Keywords: acute kidney injury (aki), cancer treatment side effects, anti-neoplastic therapy, cancer drug induced tma, thrombotic microangiopathy (tma)
Introduction
Thrombotic microangiopathy (TMA) associated with anti-neoplastic therapy is a severe complication that can disrupt cancer treatment and lead to significant morbidity and mortality. Ramucirumab, pembrolizumab, and gemcitabine are Food and Drug Administration (FDA)-approved therapies for the treatment of multiple cancers and have been independently associated with the development of TMA [1-3]. We describe a case of renal-limited TMA (rTMA) in a patient who received multi-drug therapy that included gemcitabine followed by a single dose of ramucirumab and pembrolizumab. She had a rapid and progressive decline in renal function. This case illustrated the severity of renal disease that can be associated with this multi-drug regimen. Furthermore, it detailed the diagnostic and therapeutic challenges that clinicians faced in identifying the culprit agent in a patient who was treated with combination anti-neoplastic therapy.
Case presentation
A 76-year-old female with a history of high-grade urothelial cancer and stage III non-small cell lung cancer (NSCLC) was sent to the hospital for evaluation of acute kidney injury (AKI). Her urothelial cancer was successfully treated with cisplatin and gemcitabine, followed by radical cystectomy approximately three years ago. She was diagnosed with NSCLC approximately one year ago and received carboplatin/paclitaxel and radiation therapy, followed by durvalumab. The patient developed isolated oligoprogression in the left tibia, which was treated with curettage, cryoablation, and open reduction and internal fixation (ORIF). She subsequently received gemcitabine for approximately one year, with a cumulative dose of gemcitabine around 2.9 g/m2 (see Figure 1 for timeline). Due to cancer progression, gemcitabine was stopped, and she received one dose of ramucirumab and pembrolizumab 19 days after stopping gemcitabine. On presentation, she reported feeling fatigued with decreased appetite but denied fever, chills, or productive cough. She was taking pregabalin, acetaminophen, and tramadol at home for pain control. Vital signs showed a temperature of 35.9°C, heart rate of 80 beats per minute, blood pressure of 145/95 mmHg, oxygen saturation of 98% on room air, and weight of 49.7 kg. Physical examination was notable for bibasilar crackles on the lung examination and a lack of peripheral edema. The rest of the physical examination was unremarkable.
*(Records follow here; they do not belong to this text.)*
(* The function $\beta\mapsto\lambda_1(\beta)$ is non-increasing on $(0,\tfrac12)$, and for every $\beta\in(0,\tfrac12)$, $$\frac{(1-2\beta)^2}{\beta^2+(1-\beta)^2}\le\lambda_1(\beta)\le\frac{1-2\beta}{1-\beta}.$$
   Context: Tree: for an integer $m\ge2$, the regular $m$-branching tree $\mathbb{T}_m$ has as vertices the root $\emptyset$ and all finite sequences $(\emptyset,a_1,\dots,a_k)$, $k\in\mathbb{N}$, $a_i\in\{0,\dots,m-1\}$. The level of $x=(\emptyset,a_1,\dots,a_k)$ is $|x|=k$ ($|\emptyset|=0$). The successors of $x$ are $(x,i)$; for $x\ne\emptyset$, $\hat x$ denotes its immediate predecessor. Operator: for $\beta\in[0,1)$ let $p_\beta=1$ if $\beta=0$ and $p_\beta=\beta/(1-\beta)$ if $\beta\in(0,1)$. For $u:\mathbb{T}_m\to\mathbb{R}$, $\Delta_\beta u(\emptyset)=\frac1m\sum_{i=0}^{m-1}u(\emptyset,i)-u(\emptyset)$ and, for $x\ne\emptyset$, $\Delta_\beta u(x)=\big(\beta u(\hat x)+\frac{1-\beta}{m}\sum_{i=0}^{m-1}u(x,i)-u(x)\big)p_\beta^{-|x|}$. $\mathcal{A}_\beta=\{\lambda>0:\exists v:\mathbb{T}_m\to\mathbb{R}\text{ and constants }0<c<C\text{ with } c<v<C \text{ on }\mathbb{T}_m \text{ and } \Delta_\beta v+\lambda v\le0 \text{ on }\mathbb{T}_m\}$, and $\lambda_1(\beta)=\sup\mathcal{A}_\beta$. *)

theory Defs
  imports "HOL-Analysis.Analysis" "HOL-Library.Extended_Real"
begin

text \<open>Vertices of the regular m-branching tree: the root is the empty list [],
  the vertex (root,a1,...,ak) is the list [a1,...,ak] with all ai < m.
  Successors of x are x @ [i]; the predecessor of a non-root x is butlast x;
  the level of x is length x.\<close>

definition tree :: "nat \<Rightarrow> nat list set" where
  "tree m = {xs. \<forall>a\<in>set xs. a < m}"

definition p_beta :: "real \<Rightarrow> real" where
  "p_beta \<beta> = (if \<beta> = 0 then 1 else \<beta> / (1 - \<beta>))"

definition Delta :: "nat \<Rightarrow> real \<Rightarrow> (nat list \<Rightarrow> real) \<Rightarrow> nat list \<Rightarrow> real" where
  "Delta m \<beta> u x =
     (if x = [] then (1 / real m) * (\<Sum>i<m. u [i]) - u []
      else (\<beta> * u (butlast x) + ((1 - \<beta>) / real m) * (\<Sum>i<m. u (x @ [i])) - u x)
           / (p_beta \<beta>) ^ length x)"

definition A_beta :: "nat \<Rightarrow> real \<Rightarrow> real set" where
  "A_beta m \<beta> = {l. l > 0 \<and> (\<exists>v :: nat list \<Rightarrow> real. \<exists>c C. 0 < c \<and> c < C \<and>
      (\<forall>x\<in>tree m. c < v x \<and> v x < C) \<and>
      (\<forall>x\<in>tree m. Delta m \<beta> v x + l * v x \<le> 0))}"

text \<open>The supremum is taken in the extended reals, so no boundedness or
  nonemptiness of A_beta is presupposed.\<close>
definition lambda1 :: "nat \<Rightarrow> real \<Rightarrow> ereal" where
  "lambda1 m \<beta> = Sup (ereal ` A_beta m \<beta>)"

end

theory Submission
  imports Defs
begin

text \<open>
  Averaging a supersolution over the \<open>m^k\<close> vertices of each level \<open>k\<close> gives one that
  depends on the level only, and such a radial function lifts back to the tree, so membership in
  \<open>A_beta\<close> reduces to the one-dimensional conditions of \<open>radial_supersolution\<close>. With
  \<open>q = \<beta> / (1 - \<beta>)\<close> these say that the decrements \<open>a n = f n - f (n + 1)\<close> satisfy
  \<open>a 0 \<ge> l f 0\<close> and \<open>a (n + 1) \<ge> q a n + l q^(n+1) f (n + 1) / (1 - \<beta>)\<close>.

  Both coefficients increase with \<open>\<beta>\<close>, which gives monotonicity. Iterating gives
  \<open>a n \<ge> l q^n f 0\<close>, and positivity of \<open>f\<close> forces \<open>l (1 + q + \<dots> + q^(n-1)) < 1\<close> for all \<open>n\<close>,
  whence \<open>l \<le> 1 - q = (1 - 2\<beta>) / (1 - \<beta>)\<close>.

  For the lower bound: \<open>1\<close> and \<open>q\<close> are the roots of the characteristic polynomial of the step
  recurrence, so \<open>h k = (r k + 1) q^k\<close> satisfies it up to the resonant term
  \<open>- r (1 - 2\<beta>) q^(n+1)\<close>. The choice \<open>r = (1 - 2\<beta>) / (\<beta>\<^sup>2 + (1 - \<beta>)\<^sup>2)\<close> makes
  \<open>h 1 = 1 - T\<close> for \<open>T = r (1 - 2\<beta>)\<close>, and then \<open>1 + D h\<close>, raised at the root, is a radial
  supersolution for \<open>l = T\<close>.
\<close>

definition tree_level :: "nat \<Rightarrow> nat \<Rightarrow> nat list set" where
  "tree_level m k = {xs. set xs \<subseteq> {..<m} \<and> length xs = k}"

lemma finite_tree_level [simp]: "finite (tree_level m k)"
  unfolding tree_level_def by (rule finite_lists_length_eq) simp

lemma card_tree_level: "card (tree_level m k) = m ^ k"
  unfolding tree_level_def using card_lists_length_eq[of "{..<m}" k] by simp

lemma tree_level_0 [simp]: "tree_level m 0 = {[]}"
  by (auto simp: tree_level_def)

lemma tree_level_subset_tree: "tree_level m k \<subseteq> tree m"
  by (auto simp: tree_level_def tree_def)

lemma tree_level_Suc: "tree_level m (Suc k) = (\<lambda>(x, i). x @ [i]) ` (tree_level m k \<times> {..<m})"
proof (intro equalityI subsetI)
  fix xs assume xs: "xs \<in> tree_level m (Suc k)"
  then have "xs \<noteq> []" by (auto simp: tree_level_def)
  with xs have "xs = butlast xs @ [last xs]" "butlast xs \<in> tree_level m k" "last xs \<in> {..<m}"
    by (auto simp: tree_level_def dest: in_set_butlastD last_in_set)
  then show "xs \<in> (\<lambda>(x, i). x @ [i]) ` (tree_level m k \<times> {..<m})" by force
qed (auto simp: tree_level_def)

lemma sum_tree_level_Suc:
  "(\<Sum>x\<in>tree_level m (Suc k). u x) = (\<Sum>x\<in>tree_level m k. \<Sum>i<m. u (x @ [i]))"
proof -
  have "inj_on (\<lambda>(x, i). x @ [i]) (tree_level m k \<times> {..<m})" by (auto simp: inj_on_def)
  then show ?thesis
    by (simp add: tree_level_Suc sum.reindex sum.cartesian_product case_prod_beta')
qed

lemma sum_tree_level_butlast:
  "(\<Sum>x\<in>tree_level m (Suc k). u (butlast x)) = real m * (\<Sum>x\<in>tree_level m k. u x)"
  by (simp add: sum_tree_level_Suc sum_distrib_left)

definition tree_level_mean :: "nat \<Rightarrow> (nat list \<Rightarrow> real) \<Rightarrow> nat \<Rightarrow> real" where
  "tree_level_mean m u k = (\<Sum>x\<in>tree_level m k. u x) / real m ^ k"

lemma tree_level_mean_0 [simp]: "tree_level_mean m u 0 = u []"
  by (simp add: tree_level_mean_def)

lemma tree_level_mean_1: "tree_level_mean m u 1 = (1 / real m) * (\<Sum>i<m. u [i])"
  using sum_tree_level_Suc[where k = 0 and u = u] by (simp add: tree_level_mean_def)

lemma tree_level_mean_bounds:
  assumes "0 < m" and bounds: "\<forall>x\<in>tree m. c < u x \<and> u x < C"
  shows "c < tree_level_mean m u k \<and> tree_level_mean m u k < C"
proof -
  have ne: "tree_level m k \<noteq> {}" using card_tree_level[of m k] assms(1) by auto
  have "u x \<in> {c<..<C}" if "x \<in> tree_level m k" for x
    using bounds tree_level_subset_tree that by auto
  then have "(\<Sum>x\<in>tree_level m k. c) < (\<Sum>x\<in>tree_level m k. u x)"
    "(\<Sum>x\<in>tree_level m k. u x) < (\<Sum>x\<in>tree_level m k. C)"
    using sum_strict_mono[OF finite_tree_level ne, of "\<lambda>_. c" u]
      sum_strict_mono[OF finite_tree_level ne, of u "\<lambda>_. C"] by auto
  then show ?thesis using assms(1) by (simp add: card_tree_level tree_level_mean_def field_simps)
qed

lemma tree_level_mean_step:
  assumes "0 < m"
    and "\<And>x. x \<in> tree_level m (Suc n) \<Longrightarrow>
      \<beta> * u (butlast x) + ((1 - \<beta>) / real m) * (\<Sum>i<m. u (x @ [i])) - u x + a * u x \<le> 0"
  shows "\<beta> * tree_level_mean m u n + (1 - \<beta>) * tree_level_mean m u (Suc (Suc n))
    - tree_level_mean m u (Suc n) + a * tree_level_mean m u (Suc n) \<le> 0"
proof -
  define S where "S k = (\<Sum>x\<in>tree_level m k. u x)" for k
  have "(\<Sum>x\<in>tree_level m (Suc n).
      \<beta> * u (butlast x) + ((1 - \<beta>) / real m) * (\<Sum>i<m. u (x @ [i])) - u x + a * u x) \<le> 0"
    using assms(2) by (rule sum_nonpos)
  also have "(\<Sum>x\<in>tree_level m (Suc n).
      \<beta> * u (butlast x) + ((1 - \<beta>) / real m) * (\<Sum>i<m. u (x @ [i])) - u x + a * u x)
    = \<beta> * real m * S n + ((1 - \<beta>) / real m) * S (Suc (Suc n)) - S (Suc n) + a * S (Suc n)"
    by (simp add: S_def sum.distrib sum_subtractf sum_distrib_left[symmetric]
        sum_divide_distrib[symmetric] sum_tree_level_butlast sum_tree_level_Suc[where k = "Suc n"])
  also have "\<dots> = real m ^ Suc n * (\<beta> * tree_level_mean m u n
      + (1 - \<beta>) * tree_level_mean m u (Suc (Suc n)) - tree_level_mean m u (Suc n)
      + a * tree_level_mean m u (Suc n))"
    using assms(1) by (simp add: S_def tree_level_mean_def field_simps)
  finally show ?thesis
    using assms(1) by (metis mult_le_cancel_left_pos mult_zero_right of_nat_0_less_iff zero_less_power)
qed

lemma Delta_root_le_iff:
  "Delta m \<beta> u [] + l * u [] \<le> 0 \<longleftrightarrow> (1 / real m) * (\<Sum>i<m. u [i]) \<le> (1 - l) * u []"
  by (auto simp: Delta_def algebra_simps)

lemma Delta_nonroot_le_iff:
  assumes "0 < \<beta>" "\<beta> < 1" "x \<noteq> []"
  shows "Delta m \<beta> u x + l * u x \<le> 0 \<longleftrightarrow>
    \<beta> * u (butlast x) + ((1 - \<beta>) / real m) * (\<Sum>i<m. u (x @ [i])) - u x
      + l * (\<beta> / (1 - \<beta>)) ^ length x * u x \<le> 0"
proof -
  define P where "P = (\<beta> / (1 - \<beta>)) ^ length x"
  have "P > 0" using assms by (simp add: P_def)
  moreover have "Delta m \<beta> u x + l * u x =
    (\<beta> * u (butlast x) + ((1 - \<beta>) / real m) * (\<Sum>i<m. u (x @ [i])) - u x + l * P * u x) / P"
    using assms \<open>P > 0\<close> by (simp add: Delta_def p_beta_def P_def add_divide_distrib)
  ultimately show ?thesis by (simp add: P_def divide_le_0_iff)
qed

text \<open>For \<open>v x = f (length x)\<close>, the root condition is \<open>Delta m \<beta> v [] + l v [] \<le> 0\<close> and the
  last one is \<open>Delta m \<beta> v x + l v x \<le> 0\<close> on level \<open>n + 1\<close>, multiplied by \<open>p_beta \<beta> ^ (n + 1)\<close>.\<close>

definition radial_supersolution :: "real \<Rightarrow> real \<Rightarrow> (nat \<Rightarrow> real) \<Rightarrow> bool" where
  "radial_supersolution \<beta> l f \<longleftrightarrow>
     (\<exists>c C. 0 < c \<and> (\<forall>k. c < f k \<and> f k < C)) \<and>
     f 1 \<le> (1 - l) * f 0 \<and>
     (\<forall>n. \<beta> * f n + (1 - \<beta>) * f (Suc (Suc n)) - f (Suc n)
          + l * (\<beta> / (1 - \<beta>)) ^ Suc n * f (Suc n) \<le> 0)"
lemma Arctan_sum_has_field_derivative:
  fixes c :: complex
  assumes c: "Re c > 0" and \<rho>: "\<rho> \<ge> 0"
  shows "((\<lambda>\<zeta>. (Arctan (c * \<zeta>) + Arctan (\<zeta> / c)) / c) has_field_derivative
           (1 / (1 + of_real (\<rho>\<^sup>2) * c\<^sup>2) + 1 / (of_real (\<rho>\<^sup>2) + c\<^sup>2))) (at (of_real \<rho>))"
proof -
  have "c \<noteq> 0" using c by auto
  have P: "1 + of_real (\<rho>\<^sup>2) * c\<^sup>2 \<noteq> 0"
    using add_mult_square_nonzero[OF c, of 1 "\<rho>\<^sup>2"] by (simp add: add_pos_nonneg)
  have Q: "of_real (\<rho>\<^sup>2) + c\<^sup>2 \<noteq> 0"
    using add_mult_square_nonzero[OF c, of "\<rho>\<^sup>2" 1] by (simp add: add_nonneg_pos)
  have "Re (of_real \<rho> / c) = \<rho> * Re c / (cmod c)\<^sup>2"
    by (simp add: Re_divide cmod_power2)
  then have "Re (of_real \<rho> / c) = 0 \<Longrightarrow> \<rho> = 0"
    using c \<open>c \<noteq> 0\<close> by simp
  then have "((\<lambda>\<zeta>. (Arctan (c * \<zeta>) + Arctan (\<zeta> / c)) / c) has_field_derivative
      (inverse (1 + (c * of_real \<rho>)\<^sup>2) * c + inverse (1 + (of_real \<rho> / c)\<^sup>2) * (1 / c)) / c)
      (at (of_real \<rho>))"
    using c \<rho> by (auto intro!: derivative_eq_intros simp: divide_inverse)
  moreover have
    "(inverse (1 + (c * of_real \<rho>)\<^sup>2) * c + inverse (1 + (of_real \<rho> / c)\<^sup>2) * (1 / c)) / c
      = 1 / (1 + of_real (\<rho>\<^sup>2) * c\<^sup>2) + 1 / (of_real (\<rho>\<^sup>2) + c\<^sup>2)"
  proof -
    have "inverse (1 + (c * of_real \<rho>)\<^sup>2) * c = c / (1 + of_real (\<rho>\<^sup>2) * c\<^sup>2)"
      by (simp add: power_mult_distrib mult.commute divide_inverse)
    moreover have "1 + (of_real \<rho> / c)\<^sup>2 = (of_real (\<rho>\<^sup>2) + c\<^sup>2) / c\<^sup>2"
      using \<open>c \<noteq> 0\<close> by (simp add: field_simps)
    then have "inverse (1 + (of_real \<rho> / c)\<^sup>2) * (1 / c) = c / (of_real (\<rho>\<^sup>2) + c\<^sup>2)"
      using \<open>c \<noteq> 0\<close> by (simp add: power2_eq_square)
    ultimately show ?thesis
      using \<open>c \<noteq> 0\<close> by (simp add: add_divide_distrib)
  qed
  ultimately show ?thesis by simp
qed

lemma Re_Arctan_primitive_has_real_derivative:
  fixes b c :: "'i \<Rightarrow> complex"
  assumes I: "finite I" and c: "\<And>k. k \<in> I \<Longrightarrow> Re (c k) > 0" and \<rho>: "\<rho> \<ge> 0"
  shows "((\<lambda>\<rho>. Re (\<Sum>k\<in>I. b k * ((Arctan (c k * \<rho>) + Arctan (\<rho> / c k)) / c k)))
    has_real_derivative
      Re (\<Sum>k\<in>I. b k / (1 + of_real (\<rho>\<^sup>2) * (c k)\<^sup>2)) + Re (\<Sum>k\<in>I. b k / (of_real (\<rho>\<^sup>2) + (c k)\<^sup>2)))
    (at \<rho>)"
proof -
  define G where "G \<zeta> = (\<Sum>k\<in>I. b k * ((Arctan (c k * \<zeta>) + Arctan (\<zeta> / c k)) / c k))" for \<zeta>
  define g where
    "g = (\<Sum>k\<in>I. b k * (1 / (1 + of_real (\<rho>\<^sup>2) * (c k)\<^sup>2) + 1 / (of_real (\<rho>\<^sup>2) + (c k)\<^sup>2)))"
  have "(G has_field_derivative g) (at (of_real \<rho>))"
    unfolding G_def g_def using I c \<rho>
    by (intro DERIV_sum DERIV_cmult Arctan_sum_has_field_derivative) auto
  then have "((\<lambda>\<rho>. G (of_real \<rho>)) has_vector_derivative g) (at \<rho>)"
    by (rule has_vector_derivative_real_field)
  then have "((\<lambda>\<rho>. Re (G (of_real \<rho>))) has_real_derivative Re g) (at \<rho>)"
    by (auto intro!: derivative_eq_intros)
  moreover have "Re g = Re (\<Sum>k\<in>I. b k / (1 + of_real (\<rho>\<^sup>2) * (c k)\<^sup>2))
      + Re (\<Sum>k\<in>I. b k / (of_real (\<rho>\<^sup>2) + (c k)\<^sup>2))"
    by (simp add: g_def sum.distrib distrib_left)
  ultimately show ?thesis
    by (simp add: G_def)
qed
Figure 1. Association of timing of drug dose with hemoglobin, platelet, and creatinine.
*Urothelial cancer was diagnosed. #Non-small cell lung cancer was diagnosed. ^Lactate dehydrogenase on T+36 was 366 and on T+40 was 316 (normal value: 135-214 units/L); haptoglobin on T+36 was 257 and on T+40 was 135 (normal value: 30-200 mg/dL).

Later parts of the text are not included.